◆ **WORK REQUEST**: The line with "(* Let $I$ be", the line with "Context: A tree", and all lines between them in the material below: return these exactly, and no others.

◆ **EXTRACTED RECORDS**:

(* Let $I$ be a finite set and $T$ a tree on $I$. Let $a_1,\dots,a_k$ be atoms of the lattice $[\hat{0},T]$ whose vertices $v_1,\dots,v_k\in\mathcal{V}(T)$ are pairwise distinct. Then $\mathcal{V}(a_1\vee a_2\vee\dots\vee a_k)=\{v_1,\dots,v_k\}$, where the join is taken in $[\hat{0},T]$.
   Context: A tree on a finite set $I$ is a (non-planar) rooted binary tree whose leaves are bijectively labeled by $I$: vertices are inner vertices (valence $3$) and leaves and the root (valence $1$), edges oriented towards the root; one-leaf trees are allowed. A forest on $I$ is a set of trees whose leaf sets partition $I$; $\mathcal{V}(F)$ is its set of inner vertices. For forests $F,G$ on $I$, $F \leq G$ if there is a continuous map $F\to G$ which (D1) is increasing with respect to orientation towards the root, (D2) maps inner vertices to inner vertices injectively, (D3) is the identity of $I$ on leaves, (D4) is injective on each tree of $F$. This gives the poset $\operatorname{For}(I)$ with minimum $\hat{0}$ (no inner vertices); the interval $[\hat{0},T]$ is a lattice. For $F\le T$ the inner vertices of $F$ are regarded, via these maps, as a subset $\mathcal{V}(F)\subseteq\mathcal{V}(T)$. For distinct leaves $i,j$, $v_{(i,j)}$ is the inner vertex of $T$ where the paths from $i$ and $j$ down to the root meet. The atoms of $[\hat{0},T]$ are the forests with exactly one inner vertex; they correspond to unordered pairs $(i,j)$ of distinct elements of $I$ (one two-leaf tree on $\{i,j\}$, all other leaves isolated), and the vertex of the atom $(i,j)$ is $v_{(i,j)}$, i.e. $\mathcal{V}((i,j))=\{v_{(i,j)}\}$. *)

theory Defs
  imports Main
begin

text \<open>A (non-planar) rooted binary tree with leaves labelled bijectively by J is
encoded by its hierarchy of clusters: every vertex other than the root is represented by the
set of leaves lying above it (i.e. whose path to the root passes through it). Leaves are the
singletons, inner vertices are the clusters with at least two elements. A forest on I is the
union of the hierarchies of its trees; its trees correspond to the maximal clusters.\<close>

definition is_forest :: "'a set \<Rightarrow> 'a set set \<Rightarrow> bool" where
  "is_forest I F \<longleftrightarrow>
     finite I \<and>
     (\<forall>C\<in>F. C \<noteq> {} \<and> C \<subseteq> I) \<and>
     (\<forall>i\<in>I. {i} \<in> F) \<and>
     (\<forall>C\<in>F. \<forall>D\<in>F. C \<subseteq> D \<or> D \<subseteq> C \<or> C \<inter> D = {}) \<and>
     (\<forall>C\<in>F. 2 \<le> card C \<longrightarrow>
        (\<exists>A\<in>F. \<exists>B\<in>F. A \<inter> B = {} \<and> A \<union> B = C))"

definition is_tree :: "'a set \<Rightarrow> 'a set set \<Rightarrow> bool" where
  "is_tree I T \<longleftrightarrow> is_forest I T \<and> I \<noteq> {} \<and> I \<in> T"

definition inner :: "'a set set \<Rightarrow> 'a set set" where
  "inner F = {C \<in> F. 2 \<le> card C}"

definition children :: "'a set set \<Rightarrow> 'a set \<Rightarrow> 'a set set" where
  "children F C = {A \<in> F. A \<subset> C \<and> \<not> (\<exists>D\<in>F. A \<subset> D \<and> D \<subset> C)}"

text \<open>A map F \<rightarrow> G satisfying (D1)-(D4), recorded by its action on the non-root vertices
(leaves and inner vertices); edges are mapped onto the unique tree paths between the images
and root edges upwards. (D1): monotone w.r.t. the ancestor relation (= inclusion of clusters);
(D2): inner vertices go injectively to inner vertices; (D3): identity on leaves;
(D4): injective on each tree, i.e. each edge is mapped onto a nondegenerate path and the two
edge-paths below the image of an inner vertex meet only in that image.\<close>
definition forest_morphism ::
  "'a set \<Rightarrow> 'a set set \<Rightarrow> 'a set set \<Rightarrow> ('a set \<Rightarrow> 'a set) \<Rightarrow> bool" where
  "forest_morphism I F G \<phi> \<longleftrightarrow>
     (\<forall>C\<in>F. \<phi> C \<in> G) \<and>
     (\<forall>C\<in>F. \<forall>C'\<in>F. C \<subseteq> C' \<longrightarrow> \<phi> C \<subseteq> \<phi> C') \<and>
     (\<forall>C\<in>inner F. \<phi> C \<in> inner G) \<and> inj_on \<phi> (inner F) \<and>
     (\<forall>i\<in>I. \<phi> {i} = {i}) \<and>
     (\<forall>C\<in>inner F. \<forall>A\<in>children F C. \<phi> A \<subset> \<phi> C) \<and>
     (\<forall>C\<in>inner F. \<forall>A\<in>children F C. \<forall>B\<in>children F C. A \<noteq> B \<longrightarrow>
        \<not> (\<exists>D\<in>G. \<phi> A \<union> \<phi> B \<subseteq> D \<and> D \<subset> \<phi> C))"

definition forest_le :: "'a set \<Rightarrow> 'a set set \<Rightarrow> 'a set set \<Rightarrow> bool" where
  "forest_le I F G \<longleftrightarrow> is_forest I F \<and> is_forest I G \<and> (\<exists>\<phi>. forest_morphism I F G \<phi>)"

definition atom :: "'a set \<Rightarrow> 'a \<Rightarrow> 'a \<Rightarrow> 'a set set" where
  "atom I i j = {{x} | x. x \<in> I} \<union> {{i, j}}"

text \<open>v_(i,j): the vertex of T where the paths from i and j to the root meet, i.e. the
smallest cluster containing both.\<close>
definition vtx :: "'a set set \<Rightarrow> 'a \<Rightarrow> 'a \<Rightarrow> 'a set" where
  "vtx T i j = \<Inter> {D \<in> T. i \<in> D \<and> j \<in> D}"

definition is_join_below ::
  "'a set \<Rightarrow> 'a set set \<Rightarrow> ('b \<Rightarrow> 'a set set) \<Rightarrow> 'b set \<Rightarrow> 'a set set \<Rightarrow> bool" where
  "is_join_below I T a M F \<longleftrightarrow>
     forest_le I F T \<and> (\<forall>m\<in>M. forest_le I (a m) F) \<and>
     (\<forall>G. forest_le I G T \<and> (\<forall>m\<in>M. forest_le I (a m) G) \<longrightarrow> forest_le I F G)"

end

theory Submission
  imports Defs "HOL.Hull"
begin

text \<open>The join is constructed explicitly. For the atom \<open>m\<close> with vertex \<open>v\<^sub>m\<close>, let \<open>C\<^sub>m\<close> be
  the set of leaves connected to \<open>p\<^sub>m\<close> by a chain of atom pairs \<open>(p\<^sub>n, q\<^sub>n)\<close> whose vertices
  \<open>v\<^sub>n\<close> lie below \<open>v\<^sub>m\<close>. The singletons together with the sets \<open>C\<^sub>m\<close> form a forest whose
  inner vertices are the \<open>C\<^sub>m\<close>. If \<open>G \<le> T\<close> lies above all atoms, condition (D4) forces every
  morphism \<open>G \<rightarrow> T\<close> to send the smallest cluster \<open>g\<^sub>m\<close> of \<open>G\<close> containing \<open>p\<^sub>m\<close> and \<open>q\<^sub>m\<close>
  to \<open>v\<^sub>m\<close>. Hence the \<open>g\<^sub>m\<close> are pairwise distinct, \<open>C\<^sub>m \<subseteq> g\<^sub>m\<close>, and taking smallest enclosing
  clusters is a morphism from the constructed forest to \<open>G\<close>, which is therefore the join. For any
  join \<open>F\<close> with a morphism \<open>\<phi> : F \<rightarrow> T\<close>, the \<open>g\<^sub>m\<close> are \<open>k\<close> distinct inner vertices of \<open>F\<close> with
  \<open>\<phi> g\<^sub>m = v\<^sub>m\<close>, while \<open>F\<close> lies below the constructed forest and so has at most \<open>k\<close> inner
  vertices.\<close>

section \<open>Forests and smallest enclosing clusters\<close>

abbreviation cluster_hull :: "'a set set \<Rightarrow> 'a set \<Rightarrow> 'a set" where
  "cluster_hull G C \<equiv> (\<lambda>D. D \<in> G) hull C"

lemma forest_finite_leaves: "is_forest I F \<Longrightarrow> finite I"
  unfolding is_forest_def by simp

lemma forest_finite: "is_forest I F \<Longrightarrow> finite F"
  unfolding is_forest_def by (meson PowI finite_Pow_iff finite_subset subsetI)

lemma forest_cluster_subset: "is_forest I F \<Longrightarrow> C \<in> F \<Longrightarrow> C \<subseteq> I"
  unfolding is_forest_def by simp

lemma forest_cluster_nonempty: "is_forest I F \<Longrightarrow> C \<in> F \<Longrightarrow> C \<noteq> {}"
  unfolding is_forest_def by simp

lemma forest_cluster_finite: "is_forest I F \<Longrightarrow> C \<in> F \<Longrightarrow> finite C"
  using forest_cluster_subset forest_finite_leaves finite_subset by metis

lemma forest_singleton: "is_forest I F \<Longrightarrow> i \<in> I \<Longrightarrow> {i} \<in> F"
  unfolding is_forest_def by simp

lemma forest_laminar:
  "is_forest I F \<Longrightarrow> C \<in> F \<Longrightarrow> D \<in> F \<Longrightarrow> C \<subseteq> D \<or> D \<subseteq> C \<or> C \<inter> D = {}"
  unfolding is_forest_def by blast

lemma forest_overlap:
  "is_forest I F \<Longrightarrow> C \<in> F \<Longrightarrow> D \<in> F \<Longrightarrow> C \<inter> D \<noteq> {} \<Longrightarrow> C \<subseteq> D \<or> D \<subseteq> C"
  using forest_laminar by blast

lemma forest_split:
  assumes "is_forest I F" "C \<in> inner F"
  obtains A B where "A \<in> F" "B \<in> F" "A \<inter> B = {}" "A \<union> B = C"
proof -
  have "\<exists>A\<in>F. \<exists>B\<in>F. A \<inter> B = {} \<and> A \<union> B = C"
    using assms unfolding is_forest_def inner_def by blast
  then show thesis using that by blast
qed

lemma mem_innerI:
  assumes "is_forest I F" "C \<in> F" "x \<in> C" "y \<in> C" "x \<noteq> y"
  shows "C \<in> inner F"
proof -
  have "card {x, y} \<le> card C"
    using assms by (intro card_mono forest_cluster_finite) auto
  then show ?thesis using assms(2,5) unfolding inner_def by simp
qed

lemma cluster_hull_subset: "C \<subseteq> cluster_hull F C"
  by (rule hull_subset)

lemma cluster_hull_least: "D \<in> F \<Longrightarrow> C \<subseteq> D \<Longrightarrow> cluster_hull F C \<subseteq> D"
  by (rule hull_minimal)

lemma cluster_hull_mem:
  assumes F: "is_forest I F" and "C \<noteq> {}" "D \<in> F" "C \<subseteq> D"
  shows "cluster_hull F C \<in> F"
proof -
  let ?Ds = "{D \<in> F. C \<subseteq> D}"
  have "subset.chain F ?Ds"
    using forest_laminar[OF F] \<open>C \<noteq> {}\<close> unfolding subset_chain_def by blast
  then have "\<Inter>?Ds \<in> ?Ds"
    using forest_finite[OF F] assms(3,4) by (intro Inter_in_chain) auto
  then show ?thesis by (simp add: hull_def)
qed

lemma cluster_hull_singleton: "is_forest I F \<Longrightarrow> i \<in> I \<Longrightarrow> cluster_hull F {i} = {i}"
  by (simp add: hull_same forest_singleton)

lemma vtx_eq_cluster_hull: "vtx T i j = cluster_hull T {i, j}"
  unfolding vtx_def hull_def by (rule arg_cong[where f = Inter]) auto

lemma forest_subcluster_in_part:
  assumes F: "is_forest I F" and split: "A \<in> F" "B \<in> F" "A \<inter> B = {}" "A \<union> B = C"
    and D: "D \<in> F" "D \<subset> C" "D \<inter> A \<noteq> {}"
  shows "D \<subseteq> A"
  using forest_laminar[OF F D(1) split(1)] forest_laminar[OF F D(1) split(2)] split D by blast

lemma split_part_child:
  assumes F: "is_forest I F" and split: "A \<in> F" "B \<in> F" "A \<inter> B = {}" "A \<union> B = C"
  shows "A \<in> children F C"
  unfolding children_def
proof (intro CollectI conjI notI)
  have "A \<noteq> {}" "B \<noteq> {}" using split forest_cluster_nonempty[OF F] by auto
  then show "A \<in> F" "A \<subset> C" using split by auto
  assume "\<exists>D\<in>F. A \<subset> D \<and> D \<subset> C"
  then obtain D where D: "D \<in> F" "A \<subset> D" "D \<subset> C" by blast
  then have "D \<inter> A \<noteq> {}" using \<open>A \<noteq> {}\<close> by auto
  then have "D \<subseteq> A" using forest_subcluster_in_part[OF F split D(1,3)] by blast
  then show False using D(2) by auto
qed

---

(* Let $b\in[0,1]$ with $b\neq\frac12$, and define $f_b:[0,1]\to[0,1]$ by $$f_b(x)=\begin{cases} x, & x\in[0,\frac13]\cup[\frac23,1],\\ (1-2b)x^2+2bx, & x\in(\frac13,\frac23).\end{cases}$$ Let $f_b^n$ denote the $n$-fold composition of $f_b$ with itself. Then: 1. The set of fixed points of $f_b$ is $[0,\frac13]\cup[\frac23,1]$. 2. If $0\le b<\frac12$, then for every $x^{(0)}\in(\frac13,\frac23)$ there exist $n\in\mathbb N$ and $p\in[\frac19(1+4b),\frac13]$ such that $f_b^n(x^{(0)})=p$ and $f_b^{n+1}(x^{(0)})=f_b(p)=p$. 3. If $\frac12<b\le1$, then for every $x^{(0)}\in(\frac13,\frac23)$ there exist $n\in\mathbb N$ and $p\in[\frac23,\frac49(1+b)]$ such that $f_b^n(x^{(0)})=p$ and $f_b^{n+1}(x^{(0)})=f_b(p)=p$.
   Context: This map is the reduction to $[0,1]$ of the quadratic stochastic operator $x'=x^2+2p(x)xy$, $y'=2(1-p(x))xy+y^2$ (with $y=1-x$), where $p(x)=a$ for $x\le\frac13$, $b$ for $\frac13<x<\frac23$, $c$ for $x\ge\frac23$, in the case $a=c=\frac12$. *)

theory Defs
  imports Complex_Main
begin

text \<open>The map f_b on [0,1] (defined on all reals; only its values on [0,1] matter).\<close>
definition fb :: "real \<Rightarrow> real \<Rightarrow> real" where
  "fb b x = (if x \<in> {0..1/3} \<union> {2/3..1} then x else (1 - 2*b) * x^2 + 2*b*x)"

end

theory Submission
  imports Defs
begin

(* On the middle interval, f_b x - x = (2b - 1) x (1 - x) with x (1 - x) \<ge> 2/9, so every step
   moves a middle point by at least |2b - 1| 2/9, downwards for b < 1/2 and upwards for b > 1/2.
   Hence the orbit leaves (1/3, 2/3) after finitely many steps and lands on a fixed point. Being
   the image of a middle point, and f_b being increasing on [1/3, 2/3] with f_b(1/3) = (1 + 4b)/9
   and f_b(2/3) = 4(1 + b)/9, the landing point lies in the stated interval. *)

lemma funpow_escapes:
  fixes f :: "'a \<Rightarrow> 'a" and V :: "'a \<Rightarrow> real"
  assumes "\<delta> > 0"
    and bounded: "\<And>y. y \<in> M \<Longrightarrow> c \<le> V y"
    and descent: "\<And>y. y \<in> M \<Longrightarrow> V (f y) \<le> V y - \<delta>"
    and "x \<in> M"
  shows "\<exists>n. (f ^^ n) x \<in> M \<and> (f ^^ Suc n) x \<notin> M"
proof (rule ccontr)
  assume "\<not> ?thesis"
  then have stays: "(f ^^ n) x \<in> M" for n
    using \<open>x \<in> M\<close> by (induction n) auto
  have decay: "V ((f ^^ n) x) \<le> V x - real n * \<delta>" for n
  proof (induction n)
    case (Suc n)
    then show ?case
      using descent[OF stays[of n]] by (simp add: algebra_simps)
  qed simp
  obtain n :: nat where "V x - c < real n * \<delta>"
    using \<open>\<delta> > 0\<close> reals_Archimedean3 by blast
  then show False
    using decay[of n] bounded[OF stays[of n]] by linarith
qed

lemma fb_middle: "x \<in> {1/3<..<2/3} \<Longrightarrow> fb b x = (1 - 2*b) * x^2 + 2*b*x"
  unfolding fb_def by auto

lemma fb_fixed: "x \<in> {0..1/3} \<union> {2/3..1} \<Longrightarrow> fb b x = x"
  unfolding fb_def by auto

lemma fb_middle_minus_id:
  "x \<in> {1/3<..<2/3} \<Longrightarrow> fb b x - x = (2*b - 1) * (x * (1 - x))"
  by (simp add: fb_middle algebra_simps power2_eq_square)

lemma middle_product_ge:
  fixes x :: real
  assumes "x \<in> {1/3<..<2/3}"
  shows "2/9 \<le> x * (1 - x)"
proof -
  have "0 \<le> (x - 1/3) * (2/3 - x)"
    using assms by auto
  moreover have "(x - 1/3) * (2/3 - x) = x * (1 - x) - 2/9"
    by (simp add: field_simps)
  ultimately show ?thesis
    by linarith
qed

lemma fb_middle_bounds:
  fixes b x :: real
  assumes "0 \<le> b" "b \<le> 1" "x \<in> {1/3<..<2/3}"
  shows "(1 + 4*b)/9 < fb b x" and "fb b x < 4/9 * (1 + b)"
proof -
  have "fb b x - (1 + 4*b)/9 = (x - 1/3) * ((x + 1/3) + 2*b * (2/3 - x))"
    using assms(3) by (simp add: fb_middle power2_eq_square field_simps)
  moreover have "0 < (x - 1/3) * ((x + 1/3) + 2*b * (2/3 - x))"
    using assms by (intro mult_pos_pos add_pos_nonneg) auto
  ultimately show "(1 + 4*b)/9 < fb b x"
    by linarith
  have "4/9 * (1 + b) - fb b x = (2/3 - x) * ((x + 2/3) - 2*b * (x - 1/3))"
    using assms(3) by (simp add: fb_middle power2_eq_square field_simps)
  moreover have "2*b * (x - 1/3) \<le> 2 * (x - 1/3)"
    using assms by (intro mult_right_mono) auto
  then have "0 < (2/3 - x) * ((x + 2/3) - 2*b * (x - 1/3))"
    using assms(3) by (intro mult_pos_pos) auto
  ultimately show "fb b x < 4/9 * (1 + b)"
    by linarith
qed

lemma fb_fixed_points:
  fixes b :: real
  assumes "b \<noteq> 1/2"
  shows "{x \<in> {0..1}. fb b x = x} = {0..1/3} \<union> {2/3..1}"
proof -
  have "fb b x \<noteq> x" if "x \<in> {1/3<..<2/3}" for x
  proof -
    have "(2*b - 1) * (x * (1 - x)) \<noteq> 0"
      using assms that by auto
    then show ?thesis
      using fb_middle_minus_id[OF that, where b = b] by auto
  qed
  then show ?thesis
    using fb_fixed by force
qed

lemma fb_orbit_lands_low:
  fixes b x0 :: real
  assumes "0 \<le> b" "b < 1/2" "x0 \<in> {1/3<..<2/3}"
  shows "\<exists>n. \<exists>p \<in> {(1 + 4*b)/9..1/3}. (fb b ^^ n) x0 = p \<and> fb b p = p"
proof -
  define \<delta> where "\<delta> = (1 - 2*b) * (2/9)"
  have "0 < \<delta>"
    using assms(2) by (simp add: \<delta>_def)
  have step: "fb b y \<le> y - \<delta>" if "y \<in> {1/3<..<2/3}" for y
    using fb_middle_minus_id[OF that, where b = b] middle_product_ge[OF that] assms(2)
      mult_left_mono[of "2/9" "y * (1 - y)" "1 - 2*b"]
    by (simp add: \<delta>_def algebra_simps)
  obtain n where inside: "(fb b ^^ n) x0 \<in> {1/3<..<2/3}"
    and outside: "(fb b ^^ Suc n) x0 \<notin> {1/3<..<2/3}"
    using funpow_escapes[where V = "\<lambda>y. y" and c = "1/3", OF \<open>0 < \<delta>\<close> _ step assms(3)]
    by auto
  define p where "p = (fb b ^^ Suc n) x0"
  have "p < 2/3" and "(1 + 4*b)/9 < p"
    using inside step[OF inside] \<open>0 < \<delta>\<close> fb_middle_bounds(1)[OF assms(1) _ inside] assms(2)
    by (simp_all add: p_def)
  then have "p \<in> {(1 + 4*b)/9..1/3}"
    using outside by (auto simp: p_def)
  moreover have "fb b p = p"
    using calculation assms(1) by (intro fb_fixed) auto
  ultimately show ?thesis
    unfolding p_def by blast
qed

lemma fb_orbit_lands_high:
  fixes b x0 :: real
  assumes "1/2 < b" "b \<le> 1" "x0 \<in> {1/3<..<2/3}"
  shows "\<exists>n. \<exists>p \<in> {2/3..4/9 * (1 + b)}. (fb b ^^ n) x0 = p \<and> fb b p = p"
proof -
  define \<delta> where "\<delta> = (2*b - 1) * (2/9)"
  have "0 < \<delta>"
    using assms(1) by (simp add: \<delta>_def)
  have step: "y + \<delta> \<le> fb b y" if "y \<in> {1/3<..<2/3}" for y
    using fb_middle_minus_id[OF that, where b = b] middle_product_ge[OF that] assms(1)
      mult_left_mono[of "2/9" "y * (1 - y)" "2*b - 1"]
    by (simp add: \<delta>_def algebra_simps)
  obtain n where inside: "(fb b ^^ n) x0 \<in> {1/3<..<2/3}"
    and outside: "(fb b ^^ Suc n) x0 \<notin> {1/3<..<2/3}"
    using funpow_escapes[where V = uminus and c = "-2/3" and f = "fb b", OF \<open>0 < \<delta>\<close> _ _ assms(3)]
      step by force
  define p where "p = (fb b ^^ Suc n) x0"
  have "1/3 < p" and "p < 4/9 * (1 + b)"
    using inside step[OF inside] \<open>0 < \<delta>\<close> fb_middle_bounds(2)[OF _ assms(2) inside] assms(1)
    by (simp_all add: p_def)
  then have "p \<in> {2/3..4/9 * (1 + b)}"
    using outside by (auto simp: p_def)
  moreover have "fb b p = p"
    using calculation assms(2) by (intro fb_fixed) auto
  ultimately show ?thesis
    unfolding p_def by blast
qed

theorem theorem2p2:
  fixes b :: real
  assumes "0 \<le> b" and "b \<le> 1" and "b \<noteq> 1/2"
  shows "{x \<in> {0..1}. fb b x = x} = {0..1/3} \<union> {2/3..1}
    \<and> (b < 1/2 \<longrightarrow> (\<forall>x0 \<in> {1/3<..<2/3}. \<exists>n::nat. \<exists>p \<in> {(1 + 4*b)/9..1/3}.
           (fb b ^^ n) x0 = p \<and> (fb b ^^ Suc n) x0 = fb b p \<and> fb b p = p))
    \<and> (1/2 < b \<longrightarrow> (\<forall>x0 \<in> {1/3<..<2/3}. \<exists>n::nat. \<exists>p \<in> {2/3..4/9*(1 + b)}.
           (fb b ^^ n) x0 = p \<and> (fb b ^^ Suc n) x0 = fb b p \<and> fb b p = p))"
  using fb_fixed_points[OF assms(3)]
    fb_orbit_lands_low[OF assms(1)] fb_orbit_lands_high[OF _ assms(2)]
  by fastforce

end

◆ **EXERCISE RESULT**:
(* Let $I$ be a finite set and $T$ a tree on $I$. Let $a_1,\dots,a_k$ be atoms of the lattice $[\hat{0},T]$ whose vertices $v_1,\dots,v_k\in\mathcal{V}(T)$ are pairwise distinct. Then $\mathcal{V}(a_1\vee a_2\vee\dots\vee a_k)=\{v_1,\dots,v_k\}$, where the join is taken in $[\hat{0},T]$.
   Context: A tree on a finite set $I$ is a (non-planar) rooted binary tree whose leaves are bijectively labeled by $I$: vertices are inner vertices (valence $3$) and leaves and the root (valence $1$), edges oriented towards the root; one-leaf trees are allowed. A forest on $I$ is a set of trees whose leaf sets partition $I$; $\mathcal{V}(F)$ is its set of inner vertices. For forests $F,G$ on $I$, $F \leq G$ if there is a continuous map $F\to G$ which (D1) is increasing with respect to orientation towards the root, (D2) maps inner vertices to inner vertices injectively, (D3) is the identity of $I$ on leaves, (D4) is injective on each tree of $F$. This gives the poset $\operatorname{For}(I)$ with minimum $\hat{0}$ (no inner vertices); the interval $[\hat{0},T]$ is a lattice. For $F\le T$ the inner vertices of $F$ are regarded, via these maps, as a subset $\mathcal{V}(F)\subseteq\mathcal{V}(T)$. For distinct leaves $i,j$, $v_{(i,j)}$ is the inner vertex of $T$ where the paths from $i$ and $j$ down to the root meet. The atoms of $[\hat{0},T]$ are the forests with exactly one inner vertex; they correspond to unordered pairs $(i,j)$ of distinct elements of $I$ (one two-leaf tree on $\{i,j\}$, all other leaves isolated), and the vertex of the atom $(i,j)$ is $v_{(i,j)}$, i.e. $\mathcal{V}((i,j))=\{v_{(i,j)}\}$. *)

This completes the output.